**Dataset entries**
==================================================

(* A continuous injective function on ]c, d[ is monotone, so it has left limit L at d as soon
   as it takes values arbitrarily close to L at points arbitrarily close to d. *)
lemma left_limit_by_injectivity:
  fixes f :: "real \<Rightarrow> real"
  assumes cd: "c < d" and cont: "\<forall>x. c < x \<and> x < d \<longrightarrow> isCont f x"
    and inj: "inj_on f {c<..<d}"
    and approach: "\<forall>e>0. \<exists>w. d - e < w \<and> w < d \<and> \<bar>f w - L\<bar> < e"
  shows "(f \<longlongrightarrow> L) (at_left d)"
  unfolding tendsto_iff eventually_at_left_field dist_real_def
proof (intro allI impI)
  fix e :: real assume e: "e > 0"
  obtain w where w: "d - min e (d - c) < w" "w < d" "\<bar>f w - L\<bar> < e"
    using approach e cd by (metis min_less_iff_conj diff_gt_0_iff_gt)
  show "\<exists>b<d. \<forall>y>b. y < d \<longrightarrow> \<bar>f y - L\<bar> < e"
  proof (intro exI[of _ w] conjI allI impI)
    fix y assume y: "w < y" "y < d"
    obtain w' where w': "d - min e (d - y) < w'" "w' < d" "\<bar>f w' - L\<bar> < e"
      using approach e y by (metis min_less_iff_conj diff_gt_0_iff_gt)
    have sub: "{w..w'} \<subseteq> {c<..<d}" using w w' by auto
    have "continuous_on {w..w'} f"
      using cont sub by (intro continuous_at_imp_continuous_on) auto
    moreover have "inj_on f {w..w'}" using inj_on_subset[OF inj sub] .
    ultimately have "(f w < f y \<and> f y < f w') \<or> (f w' < f y \<and> f y < f w)"
      using continuous_inj_imp_mono[of w y w' f] y w' by auto
    thus "\<bar>f y - L\<bar> < e" using w(3) w'(3) by auto
  qed (fact w(2))
qed

locale commuting_permutation =
  fixes r :: real and Z :: "(real \<Rightarrow> real) set" and f :: "real \<Rightarrow> real"
  assumes r_pos: "r > 0"
    and homeo: "\<forall>z\<in>Z. \<exists>g. homeomorphism {0..<r} {0..<r} z g"
    and incr: "\<forall>z\<in>Z. \<forall>a\<in>{0..<r}. z a \<ge> a"
    and interval: "\<forall>z\<in>Z. is_interval (supp_on {0..<r} z)"
    and dense: "{0<..<r} \<subseteq> closure (\<Union>z\<in>Z. supp_on {0..<r} z)"
    and perm: "bij_betw f {0..<r} {0..<r}"
    and commute: "\<forall>z\<in>Z. \<forall>a\<in>{0..<r}. f (z a) = z (f a)"
    and rcont: "\<forall>a\<in>{0..<r}. continuous (at_right a) f"
    and fin: "finite {a \<in> {0..<r}. \<not> continuous (at a within {0..<r}) f}"
begin

definition disc :: "real set" where
  "disc = {a \<in> {0..<r}. \<not> continuous (at a within {0..<r}) f}"

lemma finite_disc: "finite disc"
  using fin by (simp add: disc_def)

lemma f_maps: "\<forall>a\<in>{0..<r}. f a \<in> {0..<r}"
  using perm by (auto simp: bij_betw_def)

lemma inverse_in_Z:
  assumes z: "z \<in> Z"
  obtains g where "homeomorphism {0..<r} {0..<r} z g"
    and "\<forall>a\<in>{0..<r}. g a \<le> a" and "\<forall>a\<in>{0..<r}. f (g a) = g (f a)"
proof -
  obtain g where hom: "homeomorphism {0..<r} {0..<r} z g" using homeo z by blast
  hence gS: "\<forall>a\<in>{0..<r}. g a \<in> {0..<r}" and zg: "\<forall>a\<in>{0..<r}. z (g a) = a"
    and gz: "\<forall>a\<in>{0..<r}. g (z a) = a"
    by (auto simp: homeomorphism_def)
  have "\<forall>a\<in>{0..<r}. g a \<le> a" using incr z gS zg by metis
  moreover have "f (g a) = g (f a)" if a: "a \<in> {0..<r}" for a
  proof -
    have "g (f a) = g (f (z (g a)))" using zg a by simp
    also have "\<dots> = g (z (f (g a)))" using commute z gS a by simp
    also have "\<dots> = f (g a)" using gz f_maps gS a by simp
    finally show ?thesis by simp
  qed
  ultimately show ?thesis using hom that by blast
qed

==================================================

Only the lines from the one containing "finally show ?thesis by simp" through the end of the records above belong in the output, each exactly as it stands, both ends included.

**Answer area**
    finally show ?thesis by simp
  qed
  ultimately show ?thesis using hom that by blast
qed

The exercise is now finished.